如何在haskell中仅导入特定实例
我面临以下问题:我在一个模块中定义了一个类型类的多个实例,但不想导出所有这些实例。我怎样才能做到这一点?
module SomeModule
( calculate
)
where
class Something a where
calculate :: a -> Int
instance Something Double where
calculate x = calculate $ roundToInt x
instance Something Int where
calculate x = doSomething x
roundToInt :: Double -> Int
roundToInt = round
doSomething :: Int -> Int
doSomething _ = 42
在这个(简化的)示例中,我有两个Something相互依赖的类型类实例,但我只想导出Doubles 而不是Ints的实例。但在我的示例中,两个实例都被隐式导出。有办法解决吗?
回答
您可以将要隐藏的实例设置在newtype未导出的实例上。
module SomeModule (calculate) where
newtype NotInt = NotInt Int
class Something a where calculate :: a -> Int
instance Something Double where calculate x = calculate (NotInt (round x))
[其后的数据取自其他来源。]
(* For every $A\subseteq\mathbb{N}$, $$\underline{\underline{d}}(A)\le\underline{d}_\infty(A)\le\overline{d}_\infty(A)\le\overline{\overline{d}}(A).$$
   Context: $\mathbb{N}=\{1,2,3,\dots\}$. For $A\subseteq\mathbb{N}$ let $A(n)=|A\cap[1,n]|$; $\mathcal{D}$ is the collection of sets for which $d(A)=\lim_{n\to\infty}A(n)/n$ exists; $\underline{\underline{d}}(A)=\sup\{d(B);\ B\subseteq A,\ B\in\mathcal{D}\}$ and $\overline{\overline{d}}(A)=\inf\{d(C);\ C\supseteq A,\ C\in\mathcal{D}\}$. For $\alpha\ge-1$ put $A_\alpha(n)=\sum_{k=1}^n\chi_A(k)k^\alpha$, $\mathbb{N}_\alpha(n)=\sum_{k=1}^nk^\alpha$, $\underline{d}_\alpha(A)=\liminf_{n\to\infty}\frac{A_\alpha(n)}{\mathbb{N}_\alpha(n)}$, $\overline{d}_\alpha(A)=\limsup_{n\to\infty}\frac{A_\alpha(n)}{\mathbb{N}_\alpha(n)}$, $\underline{d}_\infty(A)=\inf_{\alpha\ge-1}\underline{d}_\alpha(A)$ and $\overline{d}_\infty(A)=\sup_{\alpha\ge-1}\overline{d}_\alpha(A)$ (these equal $\lim_{\alpha\to\infty}\underline{d}_\alpha(A)$ and $\lim_{\alpha\to\infty}\overline{d}_\alpha(A)$ respectively). *)

theory Defs
  imports "HOL-Analysis.Analysis"
begin

definition cnt :: "nat set \<Rightarrow> nat \<Rightarrow> nat" where
  "cnt A n = card (A \<inter> {1..n})"

definition has_density :: "nat set \<Rightarrow> real \<Rightarrow> bool" where
  "has_density A d \<longleftrightarrow> (\<lambda>n. real (cnt A n) / real n) \<longlonglongrightarrow> d"

definition Dens :: "nat set set" where
  "Dens = {A. \<exists>d. has_density A d}"

definition dens :: "nat set \<Rightarrow> real" where
  "dens A = lim (\<lambda>n. real (cnt A n) / real n)"

definition lower_dd :: "nat set \<Rightarrow> real" where
  "lower_dd A = Sup {dens B | B. B \<subseteq> A \<and> B \<in> Dens}"

definition upper_dd :: "nat set \<Rightarrow> real" where
  "upper_dd A = Inf {dens C | C. A \<subseteq> C \<and> C \<in> Dens}"

definition A_alpha :: "real \<Rightarrow> nat set \<Rightarrow> nat \<Rightarrow> real" where
  "A_alpha \<alpha> A n = (\<Sum>k\<in>A \<inter> {1..n}. real k powr \<alpha>)"

definition N_alpha :: "real \<Rightarrow> nat \<Rightarrow> real" where
  "N_alpha \<alpha> n = (\<Sum>k=1..n. real k powr \<alpha>)"

definition lower_d_alpha :: "real \<Rightarrow> nat set \<Rightarrow> ereal" where
  "lower_d_alpha \<alpha> A = liminf (\<lambda>n. ereal (A_alpha \<alpha> A n / N_alpha \<alpha> n))"

definition upper_d_alpha :: "real \<Rightarrow> nat set \<Rightarrow> ereal" where
  "upper_d_alpha \<alpha> A = limsup (\<lambda>n. ereal (A_alpha \<alpha> A n / N_alpha \<alpha> n))"

definition lower_d_inf :: "nat set \<Rightarrow> ereal" where
  "lower_d_inf A = (INF \<alpha>\<in>{-1..}. lower_d_alpha \<alpha> A)"

definition upper_d_inf :: "nat set \<Rightarrow> ereal" where
  "upper_d_inf A = (SUP \<alpha>\<in>{-1..}. upper_d_alpha \<alpha> A)"

end

theory Submission imports Defs begin

text \<open>Let \<open>e(k) = A(k) - d k\<close> be the error of a set of density \<open>d\<close>. Summation by parts
  writes \<open>A\<^sub>\<alpha>(n) - d N\<^sub>\<alpha>(n)\<close> as \<open>e(n) n\<^sup>\<alpha>\<close> plus a sum of \<open>e(k)\<close> against the increments of
  \<open>k\<^sup>\<alpha>\<close>. Since \<open>k\<^sup>\<alpha>\<close> is monotone and \<open>n\<cdot>n\<^sup>\<alpha> = O(N\<^sub>\<alpha>(n))\<close> for \<open>\<alpha> \<ge> -1\<close>, the bound
  \<open>e(k) = o(k)\<close> makes this \<open>o(N\<^sub>\<alpha>(n))\<close>, so every set of density \<open>d\<close> has \<open>\<alpha>\<close>-density \<open>d\<close>.
  Inner and outer sets of \<open>A\<close> with a density then bound the weighted lower and upper
  densities of \<open>A\<close> for every \<open>\<alpha>\<close>.\<close>

lemma sum_diff_mult_by_parts:
  fixes f w :: "nat \<Rightarrow> 'a::comm_ring"
  shows "(\<Sum>k<n. (f (Suc k) - f k) * w (Suc k))
           = f n * w n - f 0 * w 0 + (\<Sum>k<n. f k * (w k - w (Suc k)))"
  by (induction n) (simp_all add: algebra_simps)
instance Something NotInt where calculate _ = 42
如果您不想导出许多实例,则参数化的 newtype 可能较少样板。
{-# LANGUAGE FlexibleInstances #-}
module SomeModule (calculate) where
newtype Hidden a = Hidden a
class Something a where calculate :: a -> Int
instance Something Double where calculate x = calculate (Hidden (round x :: Int))
instance Something (Hidden Int) where calculate _ = 42
另一种选择是不首先定义实例,只需使用与类的方法名称不同的名称来实现您关心的其他方法。
module SomeModule (calculate) where
class Something a where calculate :: a -> Int
instance Something Double where calculate x = calculateInt (round x)
calculateInt :: Int -> Int
calculateInt _ = 42